(Stored data entries)
lemma hs_tendsto_inner:
  assumes s: "hs_tendsto H s l" "\<And>n. s n \<in> C" and t: "hs_tendsto H t m" "\<And>n. t n \<in> C"
  shows "(\<lambda>n. \<langle>s n, t n\<rangle>) \<longlonglongrightarrow> \<langle>l, m\<rangle>"
proof -
  have l: "l \<in> C" "m \<in> C" using s t hs_tendsto_in_carrier by auto
  have ds: "(\<lambda>n. \<parallel>s n \<ominus> l\<parallel>) \<longlonglongrightarrow> 0" and dt: "(\<lambda>n. \<parallel>t n \<ominus> m\<parallel>) \<longlonglongrightarrow> 0"
    using s t unfolding hs_tendsto_def by auto
  have bound: "cmod (\<langle>s n, t n\<rangle> - \<langle>l, m\<rangle>) \<le> \<parallel>s n \<ominus> l\<parallel> * (\<parallel>t n \<ominus> m\<parallel> + \<parallel>m\<parallel>) + \<parallel>l\<parallel> * \<parallel>t n \<ominus> m\<parallel>"
    for n
  proof -
    have "\<langle>s n, t n\<rangle> - \<langle>l, m\<rangle> = \<langle>s n \<ominus> l, t n\<rangle> + \<langle>l, t n \<ominus> m\<rangle>" using s t l by simp
    moreover have "cmod \<langle>s n \<ominus> l, t n\<rangle> \<le> \<parallel>t n\<parallel> * \<parallel>s n \<ominus> l\<parallel>"
      using hs_Cauchy_Schwarz[of "t n" "s n \<ominus> l"] s t l by simp
    moreover have "cmod \<langle>l, t n \<ominus> m\<rangle> \<le> \<parallel>l\<parallel> * \<parallel>t n \<ominus> m\<parallel>"
      using hs_Cauchy_Schwarz[of "t n \<ominus> m" l] t l by (simp add: mult.commute)
    moreover have "\<parallel>t n\<parallel> * \<parallel>s n \<ominus> l\<parallel> \<le> (\<parallel>t n \<ominus> m\<parallel> + \<parallel>m\<parallel>) * \<parallel>s n \<ominus> l\<parallel>"
      using hs_norm_diff_triangle[of "t n" m \<zero>] s t l by (intro mult_right_mono) auto
    ultimately show ?thesis
      using norm_triangle_ineq[of "\<langle>s n \<ominus> l, t n\<rangle>" "\<langle>l, t n \<ominus> m\<rangle>"] by (simp add: mult.commute)
  qed
  have "(\<lambda>n. \<parallel>s n \<ominus> l\<parallel> * (\<parallel>t n \<ominus> m\<parallel> + \<parallel>m\<parallel>) + \<parallel>l\<parallel> * \<parallel>t n \<ominus> m\<parallel>) \<longlonglongrightarrow> 0 * (0 + \<parallel>m\<parallel>) + \<parallel>l\<parallel> * 0"
    by (intro tendsto_intros ds dt)
  then have "(\<lambda>n. cmod (\<langle>s n, t n\<rangle> - \<langle>l, m\<rangle>)) \<longlonglongrightarrow> 0"
    by (intro LIMSEQ_zero_squeeze[OF norm_ge_zero bound]) simp
  then show ?thesis by (simp add: tendsto_norm_zero_iff LIM_zero_iff)
qed
(* Let $x,y$ be sequences, $n=|x|+|y|\ge 2$, and let $0<t\le 1/4$. Let $L$ be a longest common subsequence of $x$ and $y$ with $|L|=n^{3/4+t}$. Let $f$ be a power of $2$ with $1\le f<n^{1/4}$ such that $L'=\mathsf{Project}(L,\Sigma_{[f..2f)}(L))$ satisfies $|L'|\ge |L|/(2\log_2 n)$. Let $x'=\mathsf{Project}(x,\Sigma_{[f..n]}(x))$, and let $\pi$ be a repetition-free sequence whose set of symbols is exactly the set of symbols occurring in $x'$. Let $R$ be a subsequence of $L'$ containing exactly one occurrence of each symbol occurring in $L'$, and assume $|\mathsf{LIS}_\pi(R)|<n^t/\log_2 n$. Consider any run of the peeling process on $x'$: $x^0=x'$, and while $x^i$ is nonempty, $\pi^i$ is any subsequence of $x^i$ that is strictly decreasing with respect to $<_\pi$ with $|\pi^i|\ge|\mathsf{LDS}_\pi(x^i)|/2$, and $x^{i+1}=\mathsf{Exclude}(x^i,\pi^i)$. Then there is an iteration $i$ of this process with $|\mathsf{LIS}_{\pi^i}(y)|\ge n^t/200$.
   Context: For a symbol $\sigma$, $\#_\sigma(x)$ is the number of occurrences of $\sigma$ in $x$; $\Sigma_{[a..b]}(x)=\{\sigma : a\le\#_\sigma(x)\le b\}$ and $\Sigma_{[a..b)}(x)=\{\sigma : a\le\#_\sigma(x)<b\}$. For a set $S$ of symbols (or a sequence, standing for its set of symbols), $\mathsf{Project}(x,S)$ is the subsequence of $x$ of entries whose symbol is in $S$, and $\mathsf{Exclude}(x,S)$ the subsequence of entries whose symbol is not in $S$. A sequence is repetition-free if its entries are pairwise distinct; a repetition-free $\pi=\pi_1\dots\pi_k$ defines the strict total order $\pi_i<_\pi\pi_j$ iff $i<j$. For any sequence $x$, $\mathsf{LIS}_\pi(x)$ (resp. $\mathsf{LDS}_\pi(x)$) is a longest subsequence of $\mathsf{Project}(x,\pi)$ that is strictly increasing (resp. strictly decreasing) with respect to $<_\pi$. *)

theory Defs
  imports Complex_Main "HOL-Library.Sublist"
begin

definition sigma_cc :: "nat \<Rightarrow> nat \<Rightarrow> 'a list \<Rightarrow> 'a set" where
  "sigma_cc a b x = {s. a \<le> count_list x s \<and> count_list x s \<le> b}"

definition sigma_co :: "nat \<Rightarrow> nat \<Rightarrow> 'a list \<Rightarrow> 'a set" where
  "sigma_co a b x = {s. a \<le> count_list x s \<and> count_list x s < b}"

definition project :: "'a list \<Rightarrow> 'a set \<Rightarrow> 'a list" where
  "project x S = filter (\<lambda>c. c \<in> S) x"

definition exclude :: "'a list \<Rightarrow> 'a set \<Rightarrow> 'a list" where
  "exclude x S = filter (\<lambda>c. c \<notin> S) x"

definition lt_seq :: "'a list \<Rightarrow> 'a \<Rightarrow> 'a \<Rightarrow> bool" where
  "lt_seq p a b = (\<exists>i j. i < j \<and> j < length p \<and> p ! i = a \<and> p ! j = b)"

definition lis_len :: "'a list \<Rightarrow> 'a list \<Rightarrow> nat" where
  "lis_len p x = Max {length s | s. subseq s (project x (set p)) \<and> sorted_wrt (lt_seq p) s}"

definition lds_len :: "'a list \<Rightarrow> 'a list \<Rightarrow> nat" where
  "lds_len p x = Max {length s | s. subseq s (project x (set p)) \<and> sorted_wrt (\<lambda>a b. lt_seq p b a) s}"

definition is_lcs :: "'a list \<Rightarrow> 'a list \<Rightarrow> 'a list \<Rightarrow> bool" where
  "is_lcs L x y = (subseq L x \<and> subseq L y \<and>
     (\<forall>M. subseq M x \<and> subseq M y \<longrightarrow> length M \<le> length L))"

end

theory Submission
  imports Defs
begin

text \<open>
  Suppose every round has LIS_{pi^i}(y) < n^t/200. An Erdos-Szekeres argument gives a
  pi-decreasing subsequence D of R with |R| <= LIS_pi(R) * |D|; D is a common subsequence of x'
  and y. As pi^i and D are both pi-decreasing, the symbols of D in pi^i appear in D in
  increasing pi^i-order, and D lies in y, so every round removes fewer than n^t/200 symbols
  of D. Conversely, while half of D survives in x^i it is a long pi-decreasing subsequence of
  x^i, so pi^i removes more than |D|/4 symbols; since x' has at most n/f distinct symbols,
  this bounds the number of such rounds and yields |D|^2 < 8 (n^t/200) (n/f). Combined with
  n^(3/4+t) = |L| <= 2 log n |L'| <= 4 f log n LIS_pi(R) |D| this contradicts f < n^(1/4).
\<close>

lemma lt_seq_irrefl: "distinct p \<Longrightarrow> \<not> lt_seq p a a"
  unfolding lt_seq_def by (metis less_trans nat_neq_iff nth_eq_iff_index_eq)

lemma lt_seq_trans: "distinct p \<Longrightarrow> lt_seq p a b \<Longrightarrow> lt_seq p b c \<Longrightarrow> lt_seq p a c"
  unfolding lt_seq_def by (metis less_trans nth_eq_iff_index_eq)

lemma lt_seq_asym: "distinct p \<Longrightarrow> lt_seq p a b \<Longrightarrow> \<not> lt_seq p b a"
  using lt_seq_trans lt_seq_irrefl by metis

lemma lt_seq_total:
  "a \<in> set p \<Longrightarrow> b \<in> set p \<Longrightarrow> a \<noteq> b \<Longrightarrow> lt_seq p a b \<or> lt_seq p b a"
  unfolding lt_seq_def in_set_conv_nth by (metis nat_neq_iff)

lemma sorted_wrt_lt_seq: "sorted_wrt r q \<Longrightarrow> lt_seq q a b \<Longrightarrow> r a b"
  unfolding lt_seq_def sorted_wrt_iff_nth_less by blast

lemma lt_seq_of_decreasing:
  assumes "distinct p" and "sorted_wrt (\<lambda>a b. lt_seq p b a) q"
    and "a \<in> set q" and "b \<in> set q" and "lt_seq p b a"
  shows "lt_seq q a b"
proof -
  have "a \<noteq> b"
    using assms(1,5) lt_seq_irrefl by metis
  moreover have "\<not> lt_seq q b a"
    using sorted_wrt_lt_seq[OF assms(2)] lt_seq_asym[OF assms(1) assms(5)] by blast
  ultimately show ?thesis
    using lt_seq_total assms(3,4) by metis
qed

lemma sorted_wrt_distinct: "sorted_wrt r xs \<Longrightarrow> (\<And>x. \<not> r x x) \<Longrightarrow> distinct xs"
  by (induction xs) auto

lemma sorted_wrt_last:
  assumes "sorted_wrt r xs" and "y \<in> set (butlast xs)"
  shows "r y (last xs)"
proof -
  have "xs \<noteq> []" using assms(2) by auto
  hence "sorted_wrt r (butlast xs @ [last xs])" using assms(1) by simp
  thus ?thesis using assms(2) by (simp add: sorted_wrt_append)
qed

lemma finite_subseq_lengths: "finite {length s |s. subseq s xs \<and> Q s}"
  by (rule finite_subset[of _ "{..length xs}"]) (auto dest: list_emb_length)

lemma Max_subseq_length_ge:
  "subseq s xs \<Longrightarrow> Q s \<Longrightarrow> length s \<le> Max {length s |s. subseq s xs \<and> Q s}"
  by (rule Max_ge[OF finite_subseq_lengths]) blast

lemma Max_subseq_length_attained:
  assumes "subseq s xs" and "Q s"
  obtains s' where "subseq s' xs" and "Q s'" and "length s' = Max {length s |s. subseq s xs \<and> Q s}"
proof -
  have "Max {length s |s. subseq s xs \<and> Q s} \<in> {length s |s. subseq s xs \<and> Q s}"
    using assms by (intro Max_in[OF finite_subseq_lengths]) blast
  then obtain s' where "subseq s' xs" "Q s'" "length s' = Max {length s |s. subseq s xs \<and> Q s}"
    by force
  thus ?thesis by (rule that)
qed
lemma card_line: "l \<in> L \<Longrightarrow> card l = \<kappa> + 1"
  using order unfolding plane_order_def by auto

lemma ex1_line: "p \<in> P \<Longrightarrow> q \<in> P \<Longrightarrow> p \<noteq> q \<Longrightarrow> \<exists>!l. l \<in> L \<and> p \<in> l \<and> q \<in> l"
  using geometry unfolding geometry_def by auto

lemma line_eqI:
  assumes "l \<in> L" "m \<in> L" "p \<noteq> q" "p \<in> l" "q \<in> l" "p \<in> m" "q \<in> m"
  shows "l = m"
proof -
  have "p \<in> P" "q \<in> P" using assms(1,4,5) line_subset by blast+
  note ex1 = ex1_line[OF this assms(3)]
  show ?thesis
    using the1_equality[OF ex1, of l] the1_equality[OF ex1, of m] assms by simp
qed

definition join :: "'a \<Rightarrow> 'a \<Rightarrow> 'a set" where
  "join p q = (THE l. l \<in> L \<and> p \<in> l \<and> q \<in> l)"

lemma join:
  assumes "p \<in> P" "q \<in> P" "p \<noteq> q"
  shows "join p q \<in> L" "p \<in> join p q" "q \<in> join p q"
  using theI'[OF ex1_line[OF assms]] unfolding join_def by auto

lemma join_eq:
  assumes "l \<in> L" "p \<in> l" "q \<in> l" "p \<noteq> q"
  shows "join p q = l"
proof -
  have "p \<in> P" "q \<in> P" using assms(1-3) line_subset by blast+
  note pq = join[OF this assms(4)]
  show ?thesis by (rule line_eqI[OF pq(1) assms(1,4) pq(2,3) assms(2,3)])
qed

definition meet :: "'a set \<Rightarrow> 'a set \<Rightarrow> 'a" where
  "meet l m = (THE p. p \<in> l \<and> p \<in> m)"

lemma meet_eq:
  assumes "l \<in> L" "m \<in> L" "l \<noteq> m" "p \<in> l" "p \<in> m"
  shows "meet l m = p"
proof -
  have "q = p" if "q \<in> l" "q \<in> m" for q
    using line_eqI[OF assms(1,2), of q p] that assms(3-5) by blast
  then have "\<exists>!q. q \<in> l \<and> q \<in> m" using assms(4,5) by blast
  then show ?thesis
    unfolding meet_def by (rule the1_equality) (simp add: assms(4,5))
qed

lemma meet:
  assumes "l \<in> L" "m \<in> L" "l \<noteq> m"
  shows "meet l m \<in> l" "meet l m \<in> m"
proof -
  obtain p where "p \<in> l" "p \<in> m" using lines_intersect[OF assms] by blast
  with meet_eq[OF assms this] show "meet l m \<in> l" "meet l m \<in> m" by simp_all
qed

lemma card_line_diff:
  assumes "l \<in> L" "m \<in> L" "l \<noteq> m"
  shows "card (m - l) = \<kappa>"
proof -
  have "m - l = m - {meet l m}"
    using meet[OF assms] meet_eq[OF assms] by blast
  then show ?thesis
    using card_line[OF assms(2)] finite_line[OF assms(2)] meet(2)[OF assms] by simp
qed

text \<open>The lines through \<open>E\<close> are labelled by where they cross a fixed line \<open>m\<close> not through
  \<open>E\<close>, whose points off \<open>l\<close> are enumerated by \<open>g\<close>.\<close>

definition pencil_index :: "'a \<Rightarrow> 'a set \<Rightarrow> (nat \<Rightarrow> 'a) \<Rightarrow> 'a \<Rightarrow> nat" where
  "pencil_index E m g p = inv_into {1..\<kappa>} g (meet (join E p) m)"

lemma pencil_index:
  assumes l: "l \<in> L" and E: "E \<in> l" and m: "m \<in> L" "m \<noteq> l" "E \<notin> m"
    and g: "bij_betw g {1..\<kappa>} (m - l)" and p: "p \<in> P" "p \<notin> l"
  shows "pencil_index E m g p \<in> {1..\<kappa>}"
    and "i \<in> {1..\<kappa>} \<Longrightarrow> pencil_index E m g p = i \<longleftrightarrow> p \<in> join E (g i)"
proof -
  have EP: "E \<in> P" using E line_subset l by blast
  have "E \<noteq> p" using p E by blast
  note Ep = join[OF EP p(1) this]
  have "join E p \<noteq> m" using Ep(2) m(3) by blast
  have "join E p \<noteq> l" using Ep(3) p(2) by blast
  define z where "z = meet (join E p) m"
  have z: "z \<in> join E p" "z \<in> m" using meet[OF Ep(1) m(1) \<open>join E p \<noteq> m\<close>] z_def by auto
  have "z \<notin> l"
  proof
    assume "z \<in> l"
    have "z = E"
    proof (rule ccontr)
      assume "z \<noteq> E"
      then have "join E p = l" using line_eqI[OF Ep(1) l _ z(1) Ep(2) \<open>z \<in> l\<close> E] by blast
      then show False using \<open>join E p \<noteq> l\<close> by simp
    qed
    then show False using z(2) m(3) by simp
  qed
  then have z_img: "z \<in> g ` {1..\<kappa>}" using g z unfolding bij_betw_def by auto
  then show "pencil_index E m g p \<in> {1..\<kappa>}"
    unfolding pencil_index_def z_def[symmetric] by (rule inv_into_into)
  assume i: "i \<in> {1..\<kappa>}"
  have gi: "g i \<in> m" "g i \<notin> l" using g i unfolding bij_betw_def by auto
  have "g i \<in> P" using gi(1) line_subset[OF m(1)] by blast
  have "E \<noteq> g i" using gi(1) m(3) by blast
  note Eg = join[OF EP \<open>g i \<in> P\<close> \<open>E \<noteq> g i\<close>]
  show "pencil_index E m g p = i \<longleftrightarrow> p \<in> join E (g i)"
  proof
    assume "pencil_index E m g p = i"
    then have "g i = z"
      using f_inv_into_f[OF z_img] unfolding pencil_index_def z_def[symmetric] by simp
    then have "join E (g i) = join E p"
      using join_eq[OF Ep(1,2) z(1)] \<open>E \<noteq> g i\<close> by simp
    then show "p \<in> join E (g i)" using Ep(3) by simp
  next
    assume "p \<in> join E (g i)"
    then have "join E (g i) = join E p" using join_eq[OF Eg(1,2) _ \<open>E \<noteq> p\<close>] by simp
    then have "z = g i"
      unfolding z_def using meet_eq[OF Ep(1) m(1) \<open>join E p \<noteq> m\<close> _ gi(1)] Eg(3) by simp
    then show "pencil_index E m g p = i"
      using bij_betw_inv_into_left[OF g i] unfolding pencil_index_def z_def[symmetric] by simp
  qed
qed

**To do:** Lines holding the word "respect" should be copied from the entries above.

**Exercise result:**
(* Let $x,y$ be sequences, $n=|x|+|y|\ge 2$, and let $0<t\le 1/4$. Let $L$ be a longest common subsequence of $x$ and $y$ with $|L|=n^{3/4+t}$. Let $f$ be a power of $2$ with $1\le f<n^{1/4}$ such that $L'=\mathsf{Project}(L,\Sigma_{[f..2f)}(L))$ satisfies $|L'|\ge |L|/(2\log_2 n)$. Let $x'=\mathsf{Project}(x,\Sigma_{[f..n]}(x))$, and let $\pi$ be a repetition-free sequence whose set of symbols is exactly the set of symbols occurring in $x'$. Let $R$ be a subsequence of $L'$ containing exactly one occurrence of each symbol occurring in $L'$, and assume $|\mathsf{LIS}_\pi(R)|<n^t/\log_2 n$. Consider any run of the peeling process on $x'$: $x^0=x'$, and while $x^i$ is nonempty, $\pi^i$ is any subsequence of $x^i$ that is strictly decreasing with respect to $<_\pi$ with $|\pi^i|\ge|\mathsf{LDS}_\pi(x^i)|/2$, and $x^{i+1}=\mathsf{Exclude}(x^i,\pi^i)$. Then there is an iteration $i$ of this process with $|\mathsf{LIS}_{\pi^i}(y)|\ge n^t/200$.
   Context: For a symbol $\sigma$, $\#_\sigma(x)$ is the number of occurrences of $\sigma$ in $x$; $\Sigma_{[a..b]}(x)=\{\sigma : a\le\#_\sigma(x)\le b\}$ and $\Sigma_{[a..b)}(x)=\{\sigma : a\le\#_\sigma(x)<b\}$. For a set $S$ of symbols (or a sequence, standing for its set of symbols), $\mathsf{Project}(x,S)$ is the subsequence of $x$ of entries whose symbol is in $S$, and $\mathsf{Exclude}(x,S)$ the subsequence of entries whose symbol is not in $S$. A sequence is repetition-free if its entries are pairwise distinct; a repetition-free $\pi=\pi_1\dots\pi_k$ defines the strict total order $\pi_i<_\pi\pi_j$ iff $i<j$. For any sequence $x$, $\mathsf{LIS}_\pi(x)$ (resp. $\mathsf{LDS}_\pi(x)$) is a longest subsequence of $\mathsf{Project}(x,\pi)$ that is strictly increasing (resp. strictly decreasing) with respect to $<_\pi$. *)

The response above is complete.